The comment change is collateral (only because I noticed it in the 
diff); but I could indeed reword it slightly more accurately as:

Check if bitmaps prevent a resize.  Although bitmaps can be resized, 
there are situations where we don't know whether to set or clear new 
bits, so for now it's easiest to just prevent resize in those cases.

And since it is a collateral change, it may even be worth splitting into 
a separate patch.

>> +++ b/tests/qemu-iotests/061
>> @@ -111,6 +111,29 @@ $PYTHON qcow2.py "$TEST_IMG" dump-header
>>   $QEMU_IO -c "read -P 0x2a 42M 64k" "$TEST_IMG" | _filter_qemu_io
>>   _check_test_img
>>
>> +echo
>> +echo "=== Testing resize with snapshots ==="
>> +echo
>> +_make_test_img -o "compat=0.10" 32M
>> +$QEMU_IO -c "write -P 0x2a 24M 64k" "$TEST_IMG" | _filter_qemu_io
>> +$QEMU_IMG snapshot -c foo "$TEST_IMG"
>> +$QEMU_IMG resize "$TEST_IMG" 64M                         # fails
>> +$PYTHON qcow2.py "$TEST_IMG" dump-header
> 
> What am I looking for in the header dump?

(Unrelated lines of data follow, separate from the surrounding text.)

lemma Aopnorm_bounds:
  assumes unit: "\<exists>x. Anorm ip A x = 1" and C: "\<And>x. Anorm ip A (B x) \<le> C * Anorm ip A x"
  shows "0 \<le> Aopnorm ip A B" and "Aopnorm ip A B \<le> C"
proof -
  define V where "V = {Anorm ip A (B x) | x. Anorm ip A x = 1}"
  have ne: "V \<noteq> {}"
    using unit by (auto simp: V_def)
  have ub: "v \<le> C" if v: "v \<in> V" for v
  proof -
    obtain x where "v = Anorm ip A (B x)" and "Anorm ip A x = 1"
      using v unfolding V_def by blast
    then show ?thesis
      using C[of x] by simp
  qed
  obtain x1 where "Anorm ip A x1 = 1"
    using unit by blast
  then have "Anorm ip A (B x1) \<le> Sup V"
    using ub by (intro cSup_upper bdd_aboveI) (auto simp: V_def)
  then show "0 \<le> Aopnorm ip A B"
    unfolding Aopnorm_def V_def[symmetric] using A.hnorm_nonneg order_trans by blast
  show "Aopnorm ip A B \<le> C"
    unfolding Aopnorm_def V_def[symmetric] using ne ub by (rule cSup_least)
qed

lemma Aspecrad_le:
  assumes unit: "\<exists>x. Anorm ip A x = 1" and "C \<ge> 0" and "\<mu> > 0"
    and powers: "\<And>n x. Anorm ip A ((T ^^ Suc n) x) \<le> C * \<mu> ^ n * Anorm ip A x"
  shows "Aspecrad ip A T \<le> \<mu>"
proof -
  define V where "V = {root n (Aopnorm ip A (T ^^ n)) | n. n \<ge> 1}"
  have bdd: "bdd_below V"
  proof (rule bdd_belowI)
    fix v
    assume "v \<in> V"
    then obtain n where "n \<ge> 1" and v: "v = root n (Aopnorm ip A (T ^^ n))"
      by (auto simp: V_def)
    then obtain m where m: "n = Suc m"
      by (cases n) auto
    show "0 \<le> v"
      unfolding v m by (intro real_root_ge_zero Aopnorm_bounds(1)[OF unit powers[of m]])
  qed
  have "Inf V \<le> root (Suc n) ((C + 1) * \<mu> ^ n)" for n
  proof (rule cInf_lower2)
    show "root (Suc n) (Aopnorm ip A (T ^^ Suc n)) \<in> V"
      unfolding V_def by (intro CollectI exI[of _ "Suc n"]) simp
    have "Aopnorm ip A (T ^^ Suc n) \<le> C * \<mu> ^ n"
      by (rule Aopnorm_bounds(2)[OF unit powers])
    also have "\<dots> \<le> (C + 1) * \<mu> ^ n"
      using \<open>\<mu> > 0\<close> by simp
    finally show "root (Suc n) (Aopnorm ip A (T ^^ Suc n)) \<le> root (Suc n) ((C + 1) * \<mu> ^ n)"
      by (simp only: real_root_le_iff zero_less_Suc)
  qed (rule bdd)
  moreover have "(\<lambda>n. root (Suc n) ((C + 1) * \<mu> ^ n)) \<longlonglongrightarrow> \<mu>"
    using assms by (intro LIMSEQ_root_Suc_mult_power) simp_all
  ultimately show ?thesis
    unfolding Aspecrad_def V_def[symmetric] by (intro LIMSEQ_le_const) auto
qed

lemma Aspecrad_le_numrad_of_factorization:
  fixes X :: "'e::ab_group_add \<Rightarrow> 'h" and Y :: "'h \<Rightarrow> 'e"
  assumes unit: "\<exists>x. A x \<noteq> 0" and E: "semi_inner sce ipe"
    and linear: "semi_inner.linear_op sce (\<lambda>p. Y (X p))"
    and numrad: "semi_inner.numrad_le ipe (\<lambda>p. Y (X p)) w" and "w \<ge> 0"
    and X_bounded: "\<exists>LX\<ge>0. \<forall>q. Anorm ip A (X q) \<le> LX * hnorm ipe q"
    and Y_bounded: "\<exists>LY\<ge>0. \<forall>x. hnorm ipe (Y x) \<le> LY * Anorm ip A x"
  shows "Aspecrad ip A (\<lambda>x. X (Y x)) \<le> w"
proof (rule field_le_epsilon)
  interpret E: semi_inner sce ipe
    by (rule E)
  obtain LX LY where "LX \<ge> 0" and X: "\<And>q. Anorm ip A (X q) \<le> LX * hnorm ipe q"
    and "LY \<ge> 0" and Y: "\<And>x. hnorm ipe (Y x) \<le> LY * Anorm ip A x"
    using X_bounded Y_bounded by blast
  fix \<epsilon> :: real
  assume "\<epsilon> > 0"
  then have \<mu>: "w + \<epsilon> > 0"
    using \<open>w \<ge> 0\<close> by simp
  have "E.numrad_le (\<lambda>p. Y (X p)) (w + \<epsilon>)"
    using numrad by (rule E.numrad_le_mono) (use \<open>\<epsilon> > 0\<close> in simp)
  then have M: "hnorm ipe (((\<lambda>p. Y (X p)) ^^ n) q) \<le> 2 * (w + \<epsilon>) ^ n * hnorm ipe q" for n q
    using linear \<mu> by (intro E.hnorm_funpow_le)
  have powers: "Anorm ip A (((\<lambda>x. X (Y x)) ^^ Suc n) x) \<le> (2 * LX * LY) * (w + \<epsilon>) ^ n * Anorm ip A x"
    for n x
  proof -
    have "Anorm ip A (((\<lambda>x. X (Y x)) ^^ Suc n) x) = Anorm ip A (X (((\<lambda>p. Y (X p)) ^^ n) (Y x)))"
      by (simp only: funpow_Suc_compose_rotate)
    also have "\<dots> \<le> LX * (2 * (w + \<epsilon>) ^ n * hnorm ipe (Y x))"
      using X M \<open>LX \<ge> 0\<close> by (meson mult_left_mono order_trans)
    also have "\<dots> \<le> LX * (2 * (w + \<epsilon>) ^ n * (LY * Anorm ip A x))"
      using Y \<mu> \<open>LX \<ge> 0\<close> by (intro mult_left_mono) simp_all
    finally show ?thesis
      by (simp add: mult_ac)
  qed
  show "Aspecrad ip A (\<lambda>x. X (Y x)) \<le> w + \<epsilon>"
    using \<open>LX \<ge> 0\<close> \<open>LY \<ge> 0\<close> \<mu> by (intro Aspecrad_le[OF exists_Anorm_one[OF unit] _ _ powers]) simp_all
qed
end

theorem corollary2p10:
  fixes sc :: "complex \<Rightarrow> 'h::ab_group_add \<Rightarrow> 'h"
    and ip :: "'h \<Rightarrow> 'h \<Rightarrow> complex"
    and A P Q R S :: "'h \<Rightarrow> 'h"
  assumes "complex_hilbert sc ip"
    and "positive_op sc ip A" and "\<exists>x. A x \<noteq> 0"
    and "P \<in> BA sc ip A" and "Q \<in> BA sc ip A" and "R \<in> BA sc ip A" and "S \<in> BA sc ip A"
  shows "Aspecrad ip A (\<lambda>x. P (Q x) + R (S x))
    \<le> (Anumrad ip A (\<lambda>x. Q (P x)) + Anumrad ip A (\<lambda>x. S (R x))) / 2
      + sqrt ((Anumrad ip A (\<lambda>x. Q (P x)) - Anumrad ip A (\<lambda>x. S (R x)))\<^sup>2
              + (Anumrad ip A (\<lambda>x. Q (R x) + S (P x)) + Anumrad ip A (\<lambda>x. Q (R x) - S (P x)))\<^sup>2) / 2"
proof -
  interpret positive_weight sc ip A
    by unfold_locales (fact assms)+
  have unit: "\<exists>x. Anorm ip A x = 1"
    using exists_Anorm_one assms(3) .
  note P = BA_imp_linear_op[OF assms(4)] BA_imp_A_bounded[OF assms(4)]
    and Q = BA_imp_linear_op[OF assms(5)] BA_imp_A_bounded[OF assms(5)]
    and R = BA_imp_linear_op[OF assms(6)] BA_imp_A_bounded[OF assms(6)]
    and S = BA_imp_linear_op[OF assms(7)] BA_imp_A_bounded[OF assms(7)]
  note QR = linear_op_compose[OF Q(1) R(1)] A.hbounded_compose[OF Q(2) R(2)]
    and SP = linear_op_compose[OF S(1) P(1)] A.hbounded_compose[OF S(2) P(2)]
  note QP = Anumrad_bounds[OF unit linear_op_compose[OF Q(1) P(1)] A.hbounded_compose[OF Q(2) P(2)]]
    and SR = Anumrad_bounds[OF unit linear_op_compose[OF S(1) R(1)] A.hbounded_compose[OF S(2) R(2)]]
    and sum = Anumrad_bounds[OF unit linear_op_plus[OF QR(1) SP(1)] A.hbounded_plus_minus(1)[OF QR(2) SP(2)]]
    and diff = Anumrad_bounds[OF unit linear_op_minus[OF QR(1) SP(1)] A.hbounded_plus_minus(2)[OF QR(2) SP(2)]]
  show ?thesis
    using Aspecrad_le_numrad_of_factorization[where X = "\<lambda>q. P (fst q) + R (snd q)" and Y = "\<lambda>x. (Q x, S x)",
        OF assms(3) A.semi_inner_dsum A.linear_op_block[OF P(1) Q(1) R(1) S(1)]
        A.numrad_le_block[OF P(1) Q(1) R(1) S(1) QP(2) SR(2) sum(2) diff(2) sum(1) diff(1)] _
        A.hbounded_block_row[OF P(2) R(2)] A.hbounded_block_column[OF Q(2) S(2)]] QP(1) SR(1)
    by simp
qed

end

I was looking primarily for version (2 vs. 3), size (did it change), and 
number of snapshots.  You're right that grepping for what changes will 
make this easier to maintain.


> Also, I personally prefer self-testing tests, because I don’t trust
> myself when I have to interpret the reference output on my own...  As
> such, I think it would make sense to not just put those “# fails”
> comments here, but an explicit test on $? instead.  (E.g. by
> “|| echo ERROR”, although I can see that would be weird in the
> expected-failure case as “&& echo ERROR”.)

Good idea.

> 
>> +$QEMU_IMG snapshot -c bar "$TEST_IMG"
>> +$QEMU_IMG resize --shrink "$TEST_IMG" 64M                # succeeds
>> +$PYTHON qcow2.py "$TEST_IMG" dump-header
>> +$QEMU_IMG amend -o "compat=0.10,size=32M" "$TEST_IMG"    # fails, image left v3
>> +$PYTHON qcow2.py "$TEST_IMG" dump-header
> 
> Again, a grep for the image size would help focus the reference output.
> 
> (In addition, _img_info would give us snapshot information.  Might be
> interesting.  So maybe the best thing would be to grep the image
> version, image size, and snapshot list from the image info every time.)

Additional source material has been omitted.